= St. Philomena's Church (Cincinnati, Ohio) =

Church building in Cincinnati, OH

St. Philomena's Church was a Roman Catholic church located 619 East Third Street at East Pearl Street, in downtown Cincinnati, Ohio. The church was named in honor of St. Philomena, a popular saint of the period. This parish was founded to serve the growing tide of German-speaking Catholic population in Cincinnati, it was the fourth German Catholic Parish in Cincinnati.

The cornerstone was laid August 23, 1846. Rev. Louis Huber, O.S.F., and after him, Rev. B. Hengehold, directed the building of the church. The dedication ceremonies were performed by Archbishop John Baptist Purcell, May 21, 1848, though services had been held since the January previous in the uncompleted building. The school house was erected in 1865, the parsonage in 1872. The congregation numbered 200 families in 1896. Services were no longer held in German after World War I began.

Because of the church's location near the riverfront, St.
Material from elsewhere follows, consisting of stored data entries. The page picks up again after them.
lemma hat_Sf_eq_piece_paths:
  assumes "piece_chain m M C" "is_min P m" "is_max P M"
  shows "hat Sf = hat (piece_paths C)"
proof
  show "hat (piece_paths C) \<subseteq> hat Sf"
    using hat_mono[OF piece_paths_subset[OF assms(1)]] .
  show "hat Sf \<subseteq> hat (piece_paths C)"
  proof
    fix R assume "R \<in> hat Sf"
    then show "R \<in> hat (piece_paths C)"
    proof induction
      case (seg X p q)
      then obtain x z where X: "X = img f (segment P x z)" "good_piece x z"
        unfolding mem_Sf by blast
      obtain x' z' where xz': "(x', z') \<in> segment P x z" "p = f x'" "q = f z'"
        using seg.hyps(2) unfolding X(1) mem_img by blast
      then have le: "(x, x') \<in> P" "(x', z') \<in> P" "(z', z) \<in> P"
        by (simp_all add: mem_segment)
      then have "img f (segment P x' z') \<in> hat (piece_paths C)"
        using injective_subwalk_in_hat[OF assms(1)] good_piece_sub(2)[OF X(2) le] assms(2,3)
        unfolding good_piece_def is_min_def is_max_def by (metis FieldI1 FieldI2)
      then show ?case
        using good_piece_sub(1)[OF X(2) le] X(1) xz'(2,3) by simp
    qed (rule hat.cat)
  qed
qed

lemma finitary_induced: "finitary (hat Sf)"
proof -
  obtain m M where m: "is_min P m" and M: "is_max P M"
    using path_has_min_max[OF path_domain] .
  then have "(m, M) \<in> P"
    unfolding is_min_def is_max_def by blast
  then obtain C where C: "piece_chain m M C"
    using piece_chain_exists by blast
  have "finite (piece_paths C)"
    unfolding piece_paths_def using piece_chain_finite[OF C] by simp
  moreover have "\<forall>X\<in>piece_paths C. is_path X"
    using piece_paths_subset[OF C] Sf_subset dipath_space_path[OF dipath_space] by blast
  ultimately show ?thesis
    unfolding finitary_def using hat_Sf_eq_piece_paths[OF C m M] by metis
qed

lemma piece_chain_joins:
  assumes "piece_chain a t C"
  shows "\<exists>R\<in>hat Sf. is_min R (f a) \<and> is_max R (f t)"
  using assms
proof induction
  case (start a)
  then have "img f (segment P a a) \<in> Sf" "(a, a) \<in> P"
    unfolding mem_Sf good_piece_def by blast+
  then show ?case
    using path_in_hat img_segment_min_max[OF Linear_order_domain] by metis
next
  case (step a v C w)
  obtain R where R: "R \<in> hat Sf" "is_min R (f a)" "is_max R (f v)"
    using step.IH by blast
  have vw: "(v, w) \<in> P" and T: "img f (segment P v w) \<in> Sf"
    using step.hyps(2) unfolding mem_Sf good_piece_def by blast+
  have "f v \<in> Field R" "f v \<in> Field (img f (segment P v w))"
    using R(3) img_segment_min_max(1)[OF Linear_order_domain vw] unfolding is_min_def is_max_def
    by blast+
  then show ?case
    using hat_join_path[OF dipath_space Sf_subset R(1,2) _ T _
        img_segment_min_max(2)[OF Linear_order_domain vw]] by blast
qed

lemma ground_bar_induced: "ground (bar (hat Sf)) \<subseteq> f ` Field P"
proof
  fix y assume "y \<in> ground (bar (hat Sf))"
  then obtain X where X: "X \<in> bar (hat Sf)" "y \<in> Field X"
    unfolding ground_def by blast
  have "y \<in> ground (hat Sf \<union> converse ` hat Sf)"
    using subsetD[OF Field_hat_subset[OF X(1)[unfolded bar_def]] X(2)] .
  then obtain R where R: "R \<in> hat Sf" "y \<in> Field R"
    unfolding ground_def by auto
  have "y \<in> ground Sf"
    using subsetD[OF Field_hat_subset[OF R(1)] R(2)] .
  then obtain x z where "y \<in> f ` Field (segment P x z)"
    unfolding ground_def by (auto simp: mem_Sf Field_img)
  then show "y \<in> f ` Field P"
    using Field_segment_subset[of P x z] by blast
qed

lemma sim_bar_induced:
  assumes "(a, b) \<in> P"
  shows "sim (bar (hat Sf)) (f a) (f b)" "sim (bar (hat Sf)) (f b) (f a)"
proof -
  obtain C where "piece_chain a b C"
    using piece_chain_exists[OF assms] ..
  then obtain R where R: "R \<in> hat Sf" "is_min R (f a)" "is_max R (f b)"
    using piece_chain_joins by blast
  have R': "is_min (converse R) (f b)" "is_max (converse R) (f a)"
    using is_min_converse[OF R(3)] is_max_converse[OF R(2)] .
  have "R \<in> hat Sf \<union> converse ` hat Sf" "converse R \<in> hat Sf \<union> converse ` hat Sf"
    using R(1) by auto
  then have "R \<in> bar (hat Sf)" "converse R \<in> bar (hat Sf)"
    unfolding bar_def using path_in_hat R(2,3) R' by metis+
  then show "sim (bar (hat Sf)) (f a) (f b)" "sim (bar (hat Sf)) (f b) (f a)"
    unfolding sim_def using R(2,3) R' by blast+
qed

lemma dipath_connected_induced: "dipath_connected (hat Sf)"
proof -
  have sim: "sim (bar (hat Sf)) (f a) (f b)" if "a \<in> Field P" "b \<in> Field P" for a b
    using that sim_bar_induced Linear_order_total[OF Linear_order_domain] by metis
  obtain m where m: "m \<in> Field P"
    using path_domain unfolding is_path_def by blast
  then obtain R where "R \<in> bar (hat Sf)" "is_min R (f m)"
    using sim[OF m m] unfolding sim_def by blast
  then have "ground (bar (hat Sf)) \<noteq> {}"
    unfolding ground_def is_min_def by blast
  then show ?thesis
    unfolding dipath_connected_def path_connected_space_def
    using sim ground_bar_induced by blast
qed

end

theorem mainTheorem3:
  fixes S :: "'a rel set" and P :: "'b rel" and f :: "'b \<Rightarrow> 'a"
  assumes "dipath_space S"
    and "walk S P f"
  shows "finitary (induced_space S P f) \<and> dipath_connected (induced_space S P f)"
proof -
  interpret walk_in_dipath_space S P f
    using assms by unfold_locales
  show ?thesis
    unfolding induced_space_def using finitary_induced dipath_connected_induced ..
qed

end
Philomena's steeple was a well-known landmark on the Cincinnati skyline. On July 7, 1915 a tornado damaged the steeple. The steeple fell on a building across Pearl Street. (See link)

The Parish was closed in 1954. Records for this Parish are located at the Chancery Office of the Archdiocese of Cincinnati, 100 E. 8th St., Cincinnati, Ohio 45202.

In the late 1950s much of Cincinnati's historic riverfront including St. Philomena's Church was cleared for the construction of the Fort Washington Way and later the Lytle Tunnel.